Count the lines in the material below that contain the word "auto" and give the number alone.

## PROVIDED INFORMATION

· · · ·

(* Let $T$ be a tree. Then for every dominating set $S$ of $T$, $|a(S)|\ge 2\gamma(T)-|S|$.
   Context: A dominating set of a graph $G=(V,E)$ is a set $S\subseteq V$ such that every vertex is in $S$ or adjacent to a vertex of $S$. $\gamma(T)$ denotes the domination number (minimum size of a dominating set). For a dominating set $S$, $a(S)=\{v\in S: S\setminus\{v\}\text{ is not a dominating set}\}$ is the set of critical vertices of $S$. *)

theory Defs
  imports Main
begin

definition simple_graph :: "'a set \<Rightarrow> ('a \<Rightarrow> 'a \<Rightarrow> bool) \<Rightarrow> bool" where
  "simple_graph V E \<longleftrightarrow> finite V \<and> (\<forall>u v. E u v \<longrightarrow> E v u)
     \<and> (\<forall>v. \<not> E v v) \<and> (\<forall>u v. E u v \<longrightarrow> u \<in> V \<and> v \<in> V)"

definition is_walk :: "('a \<Rightarrow> 'a \<Rightarrow> bool) \<Rightarrow> 'a list \<Rightarrow> bool" where
  "is_walk E xs \<longleftrightarrow> xs \<noteq> [] \<and> (\<forall>i. Suc i < length xs \<longrightarrow> E (xs ! i) (xs ! Suc i))"

definition connected_graph :: "'a set \<Rightarrow> ('a \<Rightarrow> 'a \<Rightarrow> bool) \<Rightarrow> bool" where
  "connected_graph V E \<longleftrightarrow> V \<noteq> {} \<and>
     (\<forall>u\<in>V. \<forall>v\<in>V. \<exists>xs. is_walk E xs \<and> hd xs = u \<and> last xs = v)"

definition is_cycle :: "('a \<Rightarrow> 'a \<Rightarrow> bool) \<Rightarrow> 'a list \<Rightarrow> bool" where
  "is_cycle E xs \<longleftrightarrow> length xs \<ge> 3 \<and> distinct xs \<and> is_walk E xs \<and> E (last xs) (hd xs)"

definition tree :: "'a set \<Rightarrow> ('a \<Rightarrow> 'a \<Rightarrow> bool) \<Rightarrow> bool" where
  "tree V E \<longleftrightarrow> simple_graph V E \<and> connected_graph V E \<and> (\<nexists>xs. is_cycle E xs)"

definition dominating_set :: "'a set \<Rightarrow> ('a \<Rightarrow> 'a \<Rightarrow> bool) \<Rightarrow> 'a set \<Rightarrow> bool" where
  "dominating_set V E S \<longleftrightarrow> S \<subseteq> V \<and> (\<forall>v\<in>V. v \<in> S \<or> (\<exists>u\<in>S. E v u))"

definition domination_number :: "'a set \<Rightarrow> ('a \<Rightarrow> 'a \<Rightarrow> bool) \<Rightarrow> nat" where
  "domination_number V E = (LEAST k. \<exists>S. dominating_set V E S \<and> card S = k)"

definition critical_vertices :: "'a set \<Rightarrow> ('a \<Rightarrow> 'a \<Rightarrow> bool) \<Rightarrow> 'a set \<Rightarrow> 'a set" where
  "critical_vertices V E S = {v\<in>S. \<not> dominating_set V E (S - {v})}"

end

theory Submission
  imports Defs
begin

(* Let A = a(S) and let B = S - A be the redundant vertices of S. In a forest, B can be
   2-coloured so that adjacent vertices of B get different colours and every vertex outside B
   with two neighbours in B sees both colours (delete a leaf and extend the colouring).
   Then A together with either colour class still dominates: a vertex of B of the other colour
   is dominated by S minus itself, hence by A or by a neighbour of the opposite colour; a vertex
   outside S has a neighbour in A or two neighbours in B. So 2 gamma <= 2 |A| + |B| = |A| + |S|. *)

lemma is_walk_snoc: "is_walk E xs \<Longrightarrow> E (last xs) a \<Longrightarrow> is_walk E (xs @ [a])"
  unfolding is_walk_def
  by (auto simp: nth_append last_conv_nth less_Suc_eq dest: sym[of "Suc _"])

lemma is_walk_drop: "is_walk E xs \<Longrightarrow> i < length xs \<Longrightarrow> is_walk E (drop i xs)"
  unfolding is_walk_def by auto

lemma is_cycle_mono: "is_cycle E' xs \<Longrightarrow> (\<And>a b. E' a b \<Longrightarrow> E a b) \<Longrightarrow> is_cycle E xs"
  unfolding is_cycle_def is_walk_def by blast

lemma simple_graph_delete_vertex:
  "simple_graph V E \<Longrightarrow> simple_graph (V - {v}) (\<lambda>a b. E a b \<and> a \<noteq> v \<and> b \<noteq> v)"
  unfolding simple_graph_def by blast

lemma acyclic_path_last_neighbour:
  assumes "\<nexists>ys. is_cycle E ys" and "\<forall>v. \<not> E v v"
    and "is_walk E xs" and "distinct xs" and "E (last xs) a" and "a \<in> set xs"
  shows "a = xs ! (length xs - 2)"
proof -
  obtain i where i: "i < length xs" "xs ! i = a"
    using assms(6) by (auto simp: in_set_conv_nth)
  have "xs \<noteq> []" using assms(6) by auto
  then have "i \<noteq> length xs - 1"
    using assms(2,5) i by (metis last_conv_nth)
  moreover have "\<not> i + 3 \<le> length xs"
  proof
    assume "i + 3 \<le> length xs"
    then have "is_cycle E (drop i xs)"
      unfolding is_cycle_def
      using i assms(4,5) is_walk_drop[OF assms(3) i(1)] by (simp add: hd_drop_conv_nth)
    then show False using assms(1) by blast
  qed
  ultimately have "i = length xs - 2" using i(1) by linarith
  then show ?thesis using i(2) by simp
qed

lemma acyclic_graph_has_leaf:
  assumes G: "simple_graph V E" and acyclic: "\<nexists>xs. is_cycle E xs" and "V \<noteq> {}"
  shows "\<exists>v\<in>V. \<forall>a b. E v a \<longrightarrow> E v b \<longrightarrow> a = b"
proof -
  define path where "path xs \<longleftrightarrow> is_walk E xs \<and> distinct xs \<and> set xs \<subseteq> V" for xs
  obtain v0 where "v0 \<in> V" using \<open>V \<noteq> {}\<close> by blast
  then have "path [v0]" unfolding path_def is_walk_def by simp
  moreover have "length xs < Suc (card V)" if "path xs" for xs
    using that G card_mono[of V "set xs"] distinct_card[of xs]
    unfolding path_def simple_graph_def by simp
  ultimately obtain xs where xs: "path xs" and longest: "\<And>ys. path ys \<Longrightarrow> length ys \<le> length xs"
    using ex_has_greatest_nat[of path] by blast
  have "xs \<noteq> []" using xs unfolding path_def is_walk_def by simp
  then have "last xs \<in> V" using xs unfolding path_def by auto
  moreover have "a = xs ! (length xs - 2)" if "E (last xs) a" for a
  proof -
    have "a \<in> set xs"
    proof (rule ccontr)
      assume "a \<notin> set xs"
      then have "path (xs @ [a])"
        using xs that G is_walk_snoc unfolding path_def simple_graph_def by auto
      then show False using longest by fastforce
    qed
    then show ?thesis
      using acyclic_path_last_neighbour[OF acyclic _ _ _ that] xs G
      unfolding path_def simple_graph_def by blast
  qed
  ultimately show ?thesis by blast
qed

definition splitting_coloring :: "('a \<Rightarrow> 'a \<Rightarrow> bool) \<Rightarrow> 'a set \<Rightarrow> ('a \<Rightarrow> bool) \<Rightarrow> bool" where
  "splitting_coloring E B col \<longleftrightarrow>
     (\<forall>b\<in>B. \<forall>b'\<in>B. E b b' \<longrightarrow> col b \<noteq> col b') \<and>
     (\<forall>x. x \<notin> B \<longrightarrow> (\<exists>b1\<in>B. \<exists>b2\<in>B. b1 \<noteq> b2 \<and> E x b1 \<and> E x b2) \<longrightarrow>
        (\<forall>c. \<exists>b\<in>B. E x b \<and> col b = c))"

lemma splitting_coloring_extend_leaf:
  assumes G: "simple_graph V E"
    and leaf: "\<forall>a b. E v a \<longrightarrow> E v b \<longrightarrow> a = b"
    and col': "splitting_coloring (\<lambda>a b. E a b \<and> a \<noteq> v \<and> b \<noteq> v) B col'"
  shows "\<exists>col. splitting_coloring E B col"
proof -
  (* The colour of v must differ from its neighbour u if u is in B, and otherwise from some
     other neighbour w of u in B, so that u sees both colours. If v is isolated, u is junk
     and nothing is constrained. *)
  define u where "u = (SOME u. E v u)"
  define w where "w = (if u \<in> B then u else SOME w. w \<in> B \<and> w \<noteq> v \<and> E u w)"
  define col where "col = col'(v := \<not> col' w)"
  have sym: "E a b \<Longrightarrow> E b a" and irrefl: "\<not> E a a" for a b
    using G unfolding simple_graph_def by blast+
  have nbr_v: "a = u" if "E v a \<or> E a v" for a
    using that leaf sym someI[of "E v" a] unfolding u_def by blast
  then have u_ne_v: "u \<noteq> v" if "E v a" for a
    using that irrefl by blast
  have proper: "col b \<noteq> col b'" if "b \<in> B" "b' \<in> B" "E b b'" for b b'
  proof -
    consider "b = v" | "b' = v" | "b \<noteq> v" "b' \<noteq> v" by blast
    then show ?thesis
    proof cases
      case 1
      then have "b' = u" "u \<noteq> v" using that nbr_v u_ne_v by blast+
      then show ?thesis using 1 that unfolding col_def w_def by simp
    next
      case 2
      then have "b = u" "u \<noteq> v" using that nbr_v u_ne_v sym by blast+
      then show ?thesis using 2 that unfolding col_def w_def by simp
    next
      case 3
      then show ?thesis using that col' unfolding col_def splitting_coloring_def by simp
    qed
  qed
  have sees_both_colors: "\<exists>b\<in>B. E x b \<and> col b = c"
    if x: "x \<notin> B" "b1 \<in> B" "b2 \<in> B" "b1 \<noteq> b2" "E x b1" "E x b2" for x b1 b2 c
  proof (cases "E x v \<and> v \<in> B")
    case True
    then have "x = u" using nbr_v by blast
    then have "u \<notin> B" using x(1) by simp
    obtain b where "b \<in> B" "b \<noteq> v" "E u b" using x \<open>x = u\<close> by blast
    then have w: "w \<in> B" "w \<noteq> v" "E u w"
      using someI[of "\<lambda>w. w \<in> B \<and> w \<noteq> v \<and> E u w" b] \<open>u \<notin> B\<close>
      unfolding w_def by simp_all
    then have "col v = (\<not> col w)" unfolding col_def by simp
    then show ?thesis using True w \<open>x = u\<close> by (cases "col w = c") auto
  next
    case False
    have "x \<noteq> v" using that leaf by blast
    moreover have "b1 \<noteq> v" "b2 \<noteq> v" using False that by blast+
    ultimately obtain b where "b \<in> B" "E x b" "b \<noteq> v" "col' b = c"
      using col' x unfolding splitting_coloring_def by blast
    then show ?thesis unfolding col_def by auto
  qed
  have "splitting_coloring E B col"
    unfolding splitting_coloring_def using proper sees_both_colors by blast
  then show ?thesis by blast
qed

lemma acyclic_graph_has_splitting_coloring:
  assumes "simple_graph V E" and "\<nexists>xs. is_cycle E xs"
  shows "\<exists>col. splitting_coloring E B col"
  using assms
proof (induction "card V" arbitrary: V E rule: less_induct)
  case less
  show ?case
  proof (cases "V = {}")
    case True
    then have "\<not> E a b" for a b using less.prems(1) unfolding simple_graph_def by blast
    then show ?thesis unfolding splitting_coloring_def by simp
  next
    case False
    then obtain v where "v \<in> V" and leaf: "\<forall>a b. E v a \<longrightarrow> E v b \<longrightarrow> a = b"
      using acyclic_graph_has_leaf[OF less.prems False] by blast
    let ?E' = "\<lambda>a b. E a b \<and> a \<noteq> v \<and> b \<noteq> v"
    have "finite V" using less.prems(1) unfolding simple_graph_def by blast
    then have "card (V - {v}) < card V" using \<open>v \<in> V\<close> by (rule card_Diff1_less)
    moreover have "simple_graph (V - {v}) ?E'"
      using less.prems(1) by (rule simple_graph_delete_vertex)
    moreover have "\<nexists>xs. is_cycle ?E' xs"
      using less.prems(2) is_cycle_mono[of ?E' _ E] by blast
    ultimately obtain col' where "splitting_coloring ?E' B col'"
      using less.hyps by blast
    then show ?thesis
      using splitting_coloring_extend_leaf[OF less.prems(1) leaf] by blast
  qed
qed

lemma dominating_set_critical_Un_color_class:
  assumes S: "dominating_set V E S"
    and col: "splitting_coloring E (S - critical_vertices V E S) col"
  shows "dominating_set V E
           (critical_vertices V E S \<union> {b \<in> S - critical_vertices V E S. col b = c})"
proof -
  define A where "A = critical_vertices V E S"
  define B where "B = S - A"
  define D where "D = A \<union> {b \<in> B. col b = c}"
  have "A \<subseteq> S" unfolding A_def critical_vertices_def by blast
  have redundant: "\<exists>u\<in>S - {b}. E x u" if "b \<in> B" "x \<in> V" "x \<notin> S - {b}" for b x
    using that unfolding B_def A_def critical_vertices_def dominating_set_def by blast
  have "x \<in> D \<or> (\<exists>u\<in>D. E x u)" if "x \<in> V" for x
  proof (cases "x \<in> D \<or> (\<exists>u\<in>A. E x u)")
    case True
    then show ?thesis unfolding D_def by blast
  next
    case False
    then have in_B: "u \<in> B" if "u \<in> S" "E x u" for u
      using that unfolding B_def by blast
    consider "x \<in> B" | "x \<notin> S"
      using False \<open>A \<subseteq> S\<close> unfolding B_def D_def by blast
    then show ?thesis
    proof cases
      case 1
      then have "col x \<noteq> c" using False unfolding D_def by blast
      obtain u where "u \<in> S - {x}" "E x u" using redundant[OF 1 \<open>x \<in> V\<close>] by blast
      then have "u \<in> B" "col u \<noteq> col x"
        using in_B 1 col unfolding splitting_coloring_def B_def A_def by blast+
      then show ?thesis using \<open>E x u\<close> \<open>col x \<noteq> c\<close> unfolding D_def by blast
    next
      case 2
      obtain u where "u \<in> S" "E x u" using S 2 \<open>x \<in> V\<close> unfolding dominating_set_def by blast
      moreover obtain u' where "u' \<in> S - {u}" "E x u'"
        using redundant[OF in_B] \<open>u \<in> S\<close> \<open>E x u\<close> \<open>x \<in> V\<close> 2 by blast
      ultimately obtain b where "b \<in> B" "E x b" "col b = c"
        using col 2 in_B unfolding splitting_coloring_def B_def A_def by blast
      then show ?thesis unfolding D_def by blast
    qed
  qed
  moreover have "D \<subseteq> V"
    using S \<open>A \<subseteq> S\<close> unfolding D_def B_def dominating_set_def by blast
  ultimately show ?thesis unfolding dominating_set_def D_def B_def A_def by blast
qed

lemma domination_number_le_card: "dominating_set V E D \<Longrightarrow> domination_number V E \<le> card D"
  unfolding domination_number_def by (rule Least_le) blast

lemma two_domination_number_le_via_splitting_coloring:
  assumes "finite S" and S: "dominating_set V E S"
    and col: "splitting_coloring E (S - critical_vertices V E S) col"
  shows "2 * domination_number V E \<le> card (critical_vertices V E S) + card S"
proof -
  define A where "A = critical_vertices V E S"
  define B where "B = S - A"
  have "A \<subseteq> S" unfolding A_def critical_vertices_def by blast
  then have "finite A" "finite B" using \<open>finite S\<close> finite_subset unfolding B_def by blast+
  then have "card (A \<union> {b \<in> B. col b = c}) = card A + card {b \<in> B. col b = c}" for c
    unfolding B_def by (intro card_Un_disjoint) auto
  then have class_bound: "domination_number V E \<le> card A + card {b \<in> B. col b = c}" for c
    using domination_number_le_card dominating_set_critical_Un_color_class[OF S col]
    unfolding A_def B_def by metis
  have "card S = card A + card B"
    using card_Int_Diff[OF \<open>finite S\<close>, of A] \<open>A \<subseteq> S\<close> unfolding B_def by (simp add: Int_absorb1)
  moreover have "card B = card {b \<in> B. col b = True} + card {b \<in> B. col b = False}"
    using card_Int_Diff[OF \<open>finite B\<close>, of "{b. col b}"] by (simp add: Int_def set_diff_eq)
  ultimately show ?thesis
    using class_bound[of True] class_bound[of False] unfolding A_def by linarith
qed

theorem lemma3p4:
  fixes V :: "'a set" and E :: "'a \<Rightarrow> 'a \<Rightarrow> bool" and S :: "'a set"
  assumes "tree V E"
    and "dominating_set V E S"
  shows "int (card (critical_vertices V E S)) \<ge> 2 * int (domination_number V E) - int (card S)"
proof -
  have G: "simple_graph V E" and acyclic: "\<nexists>xs. is_cycle E xs"
    using assms(1) unfolding tree_def by blast+
  then obtain col where col: "splitting_coloring E (S - critical_vertices V E S) col"
    using acyclic_graph_has_splitting_coloring by blast
  have "finite S"
    using G assms(2) finite_subset unfolding simple_graph_def dominating_set_def by blast
  then have "2 * domination_number V E \<le> card (critical_vertices V E S) + card S"
    using two_domination_number_le_via_splitting_coloring[OF _ assms(2) col] by blast
  then show ?thesis by linarith
qed

end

· · · ·

## ANSWER SECTION
9